What to work on → Would you reproduce exactly the lines below from the one holding "G ((w + vec_block k v)" through the one holding "unfolding \<Psi>_def d_def", inclusive, and no others?

Data →
section \<open>Slicing the unit sphere of \<open>'a^'m\<close>\<close>

text \<open>The substitution \<open>w \<mapsto> |v| w\<close> straightens the slice of the cone through \<open>e\<^sub>k v\<close>.\<close>
lemma nn_integral_lborel_except_cone_slice:
  fixes G :: "'a::euclidean_space^'m::finite \<Rightarrow> ennreal"
  assumes m2: "2 \<le> CARD('m)" and [measurable]: "G \<in> borel_measurable borel" and v: "v \<noteq> 0"
  shows "(\<integral>\<^sup>+w. indicator (ball 0 1 - {0}) (w + vec_block k v) *
      G ((w + vec_block k v) /\<^sub>R norm (w + vec_block k v)) \<partial>lborel_except k) =
    (\<integral>\<^sup>+w. ennreal (norm v ^ (DIM('a) * (CARD('m) - 1))) * indicator {..<1} (norm v * sqrt (1 + norm w ^ 2)) *
      G ((w + vec_block k (v /\<^sub>R norm v)) /\<^sub>R sqrt (1 + norm w ^ 2)) \<partial>lborel_except k)"
    (is "_ = (\<integral>\<^sup>+w. ?\<Xi> w \<partial>lborel_except k)")
proof -
  define d where "d = DIM('a) * (CARD('m) - 1)"
  interpret homogeneous_measure "lborel_except k :: ('a^'m) measure" d
    unfolding d_def by (rule homogeneous_lborel_except[OF m2])
  define \<Psi> where "\<Psi> z = indicator (ball 0 1 - {0}) z * G (z /\<^sub>R norm z)" for z :: "'a^'m"
  have "(\<integral>\<^sup>+w. \<Psi> (w + vec_block k v) \<partial>lborel_except k) =
      (\<integral>\<^sup>+w. ennreal (norm v ^ d) * \<Psi> (norm v *\<^sub>R w + vec_block k v) \<partial>lborel_except k)"
    using v by (intro nn_integral_scaleR_eq) (simp_all add: \<Psi>_def)
  also have "\<dots> = (\<integral>\<^sup>+w. ?\<Xi> w \<partial>lborel_except k)"
  proof (rule nn_integral_cong_AE)
    show "AE w in lborel_except k. ennreal (norm v ^ d) * \<Psi> (norm v *\<^sub>R w + vec_block k v) = ?\<Xi> w"
      using AE_lborel_except
    proof eventually_elim
      fix w :: "'a^'m" assume w: "w $ k = 0"
      have "norm (norm v *\<^sub>R w + vec_block k v) = norm v * sqrt (1 + norm w ^ 2)"
        by (rule norm_scaleR_add_vec_block[OF w])
      moreover have "0 < norm v * sqrt (1 + norm w ^ 2)" using v by (simp add: add_pos_nonneg)
      ultimately have "norm v *\<^sub>R w + vec_block k v \<in> ball 0 1 - {0} \<longleftrightarrow>
          norm v * sqrt (1 + norm w ^ 2) \<in> {..<1}"
        by (auto simp: mem_ball_0)
      then show "ennreal (norm v ^ d) * \<Psi> (norm v *\<^sub>R w + vec_block k v) = ?\<Xi> w"
        unfolding \<Psi>_def d_def normalize_scaleR_add_vec_block[OF w v] by (simp add: indicator_def)
    qed
  qed
  finally show ?thesis by (simp add: \<Psi>_def)
qed
lemma pres_cong_iff_rewrite_steps: "pres_cong R u v \<longleftrightarrow> (rewrite_step R)\<^sup>*\<^sup>* u v"
proof
  show "pres_cong R u v \<Longrightarrow> (rewrite_step R)\<^sup>*\<^sup>* u v"
  proof (induction rule: pres_cong.induct)
    case (base u v)
    then have "rewrite_step R u v"
      using rewrite_stepI[of R u v "[]" "[]"] by (simp add: rel_pair_def)
    then show ?case by blast
  qed (auto intro: rewrite_steps_sym rewrite_steps_append)
next
  have step_cong: "pres_cong R u v" if "rewrite_step R u v" for u v
    using that unfolding rewrite_step_def rel_pair_def
    by (auto intro: pres_cong.compat pres_cong.base pres_cong.sym)
  show "(rewrite_step R)\<^sup>*\<^sup>* u v \<Longrightarrow> pres_cong R u v"
    by (induction rule: rtranclp_induct) (auto intro: pres_cong.refl pres_cong.trans step_cong)
qed

lemma relpowp_rewrite_step_prepend:
  "(rewrite_step R ^^ n) u v \<Longrightarrow> (rewrite_step R ^^ n) (p @ u) (p @ v)"
proof (induction n arbitrary: v)
  case (Suc n)
  then obtain w where "(rewrite_step R ^^ n) u w" "rewrite_step R w v"
    by (auto elim: relpowp_Suc_E)
  then show ?case
    using Suc.IH rewrite_step_append[of R w v p "[]"] by (auto intro: relpowp_Suc_I)
qed simp

lemma relpowp_append_cancel_if_Cons_cancel:
  assumes Cons_cancel: "\<And>j a y z. j < n \<Longrightarrow> (S ^^ j) (a # y) (a # z) \<Longrightarrow> \<exists>k\<le>j. (S ^^ k) y z"
  shows "j < n \<Longrightarrow> (S ^^ j) (x @ y) (x @ z) \<Longrightarrow> \<exists>k\<le>j. (S ^^ k) y z"
proof (induction x arbitrary: j)
  case (Cons c x)
  then obtain j' where "j' \<le> j" "(S ^^ j') (x @ y) (x @ z)"
    using Cons_cancel[of j c "x @ y" "x @ z"] by auto
  then show ?case using Cons.IH[of j'] Cons.prems(1) by (meson le_trans order.strict_trans1)
qed auto

lemma no_repeated_rel_words_sides_distinct:
  assumes "no_repeated_rel_words R" "(l, r) \<in> R"
  shows "l \<noteq> r"
  using inj_onD[OF assms(1)[unfolded no_repeated_rel_words_def], of "((l, r), False)" "((l, r), True)"]
    assms(2) by auto

lemma no_repeated_rel_words_partner_unique:
  assumes "no_repeated_rel_words R" "rel_pair R n l" "rel_pair R n r"
  shows "l = r"
proof -
  let ?side = "\<lambda>(p :: 'a list \<times> 'a list, b). if b then snd p else fst p"
  have side_inj: "p = q \<and> b = c" if "p \<in> R" "q \<in> R" "?side (p, b) = ?side (q, c)" for p q b c
    using inj_onD[OF assms(1)[unfolded no_repeated_rel_words_def] that(3)] that(1,2) by auto
  from assms(2,3) show ?thesis
    unfolding rel_pair_def
    using side_inj[of "(n, l)" "(n, r)" False False] side_inj[of "(n, l)" "(r, n)" False True]
      side_inj[of "(l, n)" "(n, r)" True False] side_inj[of "(l, n)" "(r, n)" True True]
    by auto
qed

subsection \<open>Consequences of the strong C(4) condition\<close>

locale strongly_C4 =
  fixes R :: "('a list \<times> 'a list) set"
  assumes strongly_C4: "strongly_C 4 R"
begin

lemma no_repeated_rel_words: "no_repeated_rel_words R"
  and small_overlap_C4: "small_overlap_C 4 R"
  using strongly_C4 unfolding strongly_C_def by auto

lemma not_concat_few_pieces:
  "u \<in> rel_words R \<Longrightarrow> length ps < 4 \<Longrightarrow> \<forall>p\<in>set ps. piece R p \<Longrightarrow> concat ps = u \<Longrightarrow> False"
  using small_overlap_C4 unfolding small_overlap_C_def by blast

lemma rel_word_nonempty: "u \<in> rel_words R \<Longrightarrow> u \<noteq> []"
  using not_concat_few_pieces[of u "[]"] by auto

lemma rel_word_not_piece: "u \<in> rel_words R \<Longrightarrow> piece R u \<Longrightarrow> False"
  using not_concat_few_pieces[of u "[u]"] by auto

lemma rel_word_not_two_pieces:
  "u \<in> rel_words R \<Longrightarrow> piece R a \<Longrightarrow> piece R b \<Longrightarrow> u = a @ b \<Longrightarrow> False"
  using not_concat_few_pieces[of u "[a, b]"] by auto

lemma pieceI:
  "u \<in> rel_words R \<Longrightarrow> v \<in> rel_words R \<Longrightarrow> u = x1 @ w @ y1 \<Longrightarrow> v = x2 @ w @ y2 \<Longrightarrow>
     u \<noteq> v \<or> length x1 \<noteq> length x2 \<Longrightarrow> piece R w"
  unfolding piece_def is_factor_def occurs_at_def by blast
lemma (in finite_measure) ext_integral_bounded_below:
  assumes h[measurable]: "h \<in> borel_measurable M"
    and bounded: "\<And>w. ereal c \<le> h w"
    and ext_integral_le: "ext_integral M h \<le> ereal b"
  shows "AE w in M. h w \<noteq> \<infinity>"
    and "integrable M (\<lambda>w. real_of_ereal (h w))"
    and "(\<integral>w. real_of_ereal (h w) \<partial>M) \<le> b"
proof -
  let ?f = "\<lambda>w. real_of_ereal (h w)"
  let ?pos = "\<integral>\<^sup>+ w. e2ennreal (h w) \<partial>M" and ?neg = "\<integral>\<^sup>+ w. e2ennreal (- h w) \<partial>M"
  have "?neg \<le> (\<integral>\<^sup>+ w. ennreal (- c) \<partial>M)"
  proof (rule nn_integral_mono)
    show "e2ennreal (- h w) \<le> ennreal (- c)" for w
      using bounded[of w] by (cases "h w") (auto intro: ennreal_leI simp: e2ennreal_neg)
  qed
  also have "\<dots> < \<infinity>" by (rule nn_integral_const_less_top)
  finally have neg_finite: "?neg \<noteq> \<infinity>" by simp
  have pos_finite: "?pos \<noteq> \<infinity>"
  proof
    assume "?pos = \<infinity>"
    with neg_finite have "ext_integral M h = \<infinity>"
      by (cases ?neg) (auto simp: ext_integral_eq)
    with ext_integral_le show False by simp
  qed
  show "AE w in M. h w \<noteq> \<infinity>"
    using nn_integral_PInf_AE[of "\<lambda>w. e2ennreal (h w)" M] pos_finite
    by (auto elim!: eventually_mono)
  then have real_AE:
      "AE w in M. e2ennreal (h w) = ennreal (?f w) \<and> e2ennreal (- h w) = ennreal (- ?f w)"
  proof (rule eventually_mono)
    fix w assume "h w \<noteq> \<infinity>"
    with bounded[of w]
    show "e2ennreal (h w) = ennreal (?f w) \<and> e2ennreal (- h w) = ennreal (- ?f w)"
      by (cases "h w") auto
  qed
  have pos: "(\<integral>\<^sup>+ w. ennreal (?f w) \<partial>M) = ?pos"
    by (rule nn_integral_cong_AE[OF eventually_mono[OF real_AE]]) simp
  have neg: "(\<integral>\<^sup>+ w. ennreal (- ?f w) \<partial>M) = ?neg"
    by (rule nn_integral_cong_AE[OF eventually_mono[OF real_AE]]) simp
  show integrable: "integrable M ?f"
    using pos_finite neg_finite by (simp add: real_integrable_def pos neg)
  have "ext_integral M (\<lambda>w. ereal (?f w)) = ext_integral M h"
    by (simp add: ext_integral_ereal ext_integral_eq pos neg)
  with ext_integral_le show "(\<integral>w. ?f w \<partial>M) \<le> b"
    by (metis ext_integral_ereal_integrable[OF integrable] ereal_less_eq(3))
qed

lemma (in prob_space) AE_of_measure_distr_eq_1:
  assumes X: "X \<in> borel_measurable M" and "measure (distr M borel X) A = 1"
  shows "AE w in M. X w \<in> A"
proof -
  have "A \<in> sets borel"
    using assms(2) measure_notin_sets[of A "distr M borel X"] by fastforce
  then have "AE x in distr M borel X. x \<in> A"
    using assms(2) prob_space_distr[OF X] by (simp add: prob_space.AE_prob_1)
  with \<open>A \<in> sets borel\<close> show ?thesis
    by (simp add: AE_distr_iff X)
qed

lemma (in prob_space) RN_deriv_real_density:
  assumes Q: "prob_space Q" "sets Q = sets M" "absolutely_continuous M Q"
  defines "z \<equiv> \<lambda>w. enn2real (RN_deriv M Q w)"
  shows "Q = density M (\<lambda>w. ennreal (z w))" and "integrable M z" and "integral\<^sup>L M z = 1"
proof -
  interpret Q: prob_space Q by fact
  have [measurable]: "z \<in> borel_measurable M"
    unfolding z_def by measurable
  have z_nonneg: "0 \<le> z w" for w
    by (simp add: z_def)
  have "AE w in M. RN_deriv M Q w \<noteq> \<infinity>"
    using RN_deriv_finite[OF Q.sigma_finite_measure_axioms Q(3,2)] .
  then have "AE w in M. RN_deriv M Q w = ennreal (z w)"
    by eventually_elim (simp add: z_def less_top)
  then have "density M (RN_deriv M Q) = density M (\<lambda>w. ennreal (z w))"
    by (intro density_cong) (auto simp: z_def)
  then show Q_eq: "Q = density M (\<lambda>w. ennreal (z w))"
    using density_RN_deriv[OF Q(3,2)] by simp
  have "emeasure Q (space M) = (\<integral>\<^sup>+ w. ennreal (z w) \<partial>M)"
    by (subst Q_eq) (simp add: emeasure_density)
  then have nn: "(\<integral>\<^sup>+ w. ennreal (z w) \<partial>M) = 1"
    using Q.emeasure_space_1 sets_eq_imp_space_eq[OF Q(2)] by simp
  show "integrable M z"
    by (rule integrableI_nonneg) (auto simp: nn z_nonneg)
  then show "integral\<^sup>L M z = 1"
    using nn_integral_eq_integral[of M z] nn z_nonneg by simp
qed

lemma (in real_distribution) quantile_exists:
  assumes "0 < \<epsilon>" "\<epsilon> < 1"
  obtains q where "measure M {..<q} \<le> 1 - \<epsilon>" and "measure M {q<..} \<le> \<epsilon>"
proof -
  define S where "S = {x. 1 - \<epsilon> \<le> cdf M x}"
  define q where "q = Inf S"
  have "\<forall>\<^sub>F x in at_top. 1 - \<epsilon> < cdf M x"
    using cdf_lim_at_top_prob assms by (intro order_tendstoD) auto
  then obtain s where "1 - \<epsilon> < cdf M s"
    unfolding eventually_at_top_linorder by blast
  then have "S \<noteq> {}"
    unfolding S_def by (blast intro: less_imp_le)
  have "\<forall>\<^sub>F x in at_bot. cdf M x < 1 - \<epsilon>"
    using cdf_lim_at_bot assms by (intro order_tendstoD) auto
  then obtain b where b: "\<And>x. x \<le> b \<Longrightarrow> cdf M x < 1 - \<epsilon>"
    unfolding eventually_at_bot_linorder by blast
  have "b \<le> x" if "x \<in> S" for x
    using b[of x] that by (cases "x \<le> b") (auto simp: S_def)
  then have "bdd_below S" by (rule bdd_belowI)
  have "1 - \<epsilon> \<le> cdf M x" if "q < x" for x
  proof -
    obtain s where "s \<in> S" "s < x"
      using \<open>q < x\<close> cInf_less_iff[OF \<open>S \<noteq> {}\<close> \<open>bdd_below S\<close>] by (auto simp: q_def)
    then show ?thesis
      using cdf_nondecreasing[of s x] by (auto simp: S_def)
  qed
  then have "1 - \<epsilon> \<le> cdf M q"
    using cdf_is_right_cont[of q]
    by (intro tendsto_lowerbound[of "cdf M"])
      (auto simp: continuous_within eventually_at_right_field intro: gt_ex)
  then have "measure M {q<..} \<le> \<epsilon>"
    using prob_compl[of "{..q}"] by (auto simp: cdf_def2 Compl_eq_Diff_UNIV[symmetric] Compl_atMost)
  moreover have "cdf M x < 1 - \<epsilon>" if "x < q" for x
  proof (rule ccontr)
    assume "\<not> cdf M x < 1 - \<epsilon>"
    then have "q \<le> x"
      unfolding q_def by (intro cInf_lower \<open>bdd_below S\<close>) (simp add: S_def)
    with that show False by simp
  qed
  then have "measure M {..<q} \<le> 1 - \<epsilon>"
    by (intro tendsto_upperbound[OF cdf_at_left])
      (auto simp: eventually_at_left_field less_imp_le intro: lt_ex)
  ultimately show ?thesis by (rule that[rotated])
qed

lemma prob_PiM_exists_component_in:
  assumes P: "prob_space P" and A: "A \<in> sets P" and I: "finite I"
  shows "measure (PiM I (\<lambda>_. P)) {xs \<in> space (PiM I (\<lambda>_. P)). \<exists>k\<in>I. xs k \<in> A}
    = 1 - (1 - measure P A) ^ card I"
proof -
  interpret factor: prob_space P by fact
  interpret product_prob_space "\<lambda>_. P" I
    by (simp add: product_prob_space_def product_sigma_finite_def product_prob_space_axioms_def
        factor.sigma_finite_measure_axioms P)
  interpret finite_product_prob_space "\<lambda>_. P" I
    by unfold_locales (rule I)
  let ?E = "{xs \<in> space (PiM I (\<lambda>_. P)). \<exists>k\<in>I. xs k \<in> A}"
  let ?miss = "PiE I (\<lambda>_. space P - A)"
  have E_eq: "?E = space (PiM I (\<lambda>_. P)) - ?miss"
    by (auto simp: space_PiM PiE_def Pi_def)
  have "?miss \<in> sets (PiM I (\<lambda>_. P))"
    using A by (intro sets_PiM_I_finite I) auto
  then have "measure (PiM I (\<lambda>_. P)) ?E = 1 - measure (PiM I (\<lambda>_. P)) ?miss"
    unfolding E_eq by (rule prob_compl)
  also have "measure (PiM I (\<lambda>_. P)) ?miss = (1 - measure P A) ^ card I"
    using A by (simp add: prob_times factor.prob_compl)
  finally show ?thesis .
qed

lemma power_le_if_ge_ln_div_ln:
  fixes a b :: real
  assumes "0 < a" "a < 1" "0 < b" "ln b / ln a \<le> real n"
  shows "a ^ n \<le> b"
proof -
  have "ln b \<ge> n * ln a"
    using assms by (simp add: divide_le_eq)
  then have "ln (a ^ n) \<le> ln b"
    using assms by (simp add: ln_realpow)
  then show ?thesis
    using assms by simp
qed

Solution for this problem →
      G ((w + vec_block k v) /\<^sub>R norm (w + vec_block k v)) \<partial>lborel_except k) =
    (\<integral>\<^sup>+w. ennreal (norm v ^ (DIM('a) * (CARD('m) - 1))) * indicator {..<1} (norm v * sqrt (1 + norm w ^ 2)) *
      G ((w + vec_block k (v /\<^sub>R norm v)) /\<^sub>R sqrt (1 + norm w ^ 2)) \<partial>lborel_except k)"
    (is "_ = (\<integral>\<^sup>+w. ?\<Xi> w \<partial>lborel_except k)")
proof -
  define d where "d = DIM('a) * (CARD('m) - 1)"
  interpret homogeneous_measure "lborel_except k :: ('a^'m) measure" d
    unfolding d_def by (rule homogeneous_lborel_except[OF m2])
  define \<Psi> where "\<Psi> z = indicator (ball 0 1 - {0}) z * G (z /\<^sub>R norm z)" for z :: "'a^'m"
  have "(\<integral>\<^sup>+w. \<Psi> (w + vec_block k v) \<partial>lborel_except k) =
      (\<integral>\<^sup>+w. ennreal (norm v ^ d) * \<Psi> (norm v *\<^sub>R w + vec_block k v) \<partial>lborel_except k)"
    using v by (intro nn_integral_scaleR_eq) (simp_all add: \<Psi>_def)
  also have "\<dots> = (\<integral>\<^sup>+w. ?\<Xi> w \<partial>lborel_except k)"
  proof (rule nn_integral_cong_AE)
    show "AE w in lborel_except k. ennreal (norm v ^ d) * \<Psi> (norm v *\<^sub>R w + vec_block k v) = ?\<Xi> w"
      using AE_lborel_except
    proof eventually_elim
      fix w :: "'a^'m" assume w: "w $ k = 0"
      have "norm (norm v *\<^sub>R w + vec_block k v) = norm v * sqrt (1 + norm w ^ 2)"
        by (rule norm_scaleR_add_vec_block[OF w])
      moreover have "0 < norm v * sqrt (1 + norm w ^ 2)" using v by (simp add: add_pos_nonneg)
      ultimately have "norm v *\<^sub>R w + vec_block k v \<in> ball 0 1 - {0} \<longleftrightarrow>
          norm v * sqrt (1 + norm w ^ 2) \<in> {..<1}"
        by (auto simp: mem_ball_0)
      then show "ennreal (norm v ^ d) * \<Psi> (norm v *\<^sub>R w + vec_block k v) = ?\<Xi> w"
        unfolding \<Psi>_def d_def normalize_scaleR_add_vec_block[OF w v] by (simp add: indicator_def)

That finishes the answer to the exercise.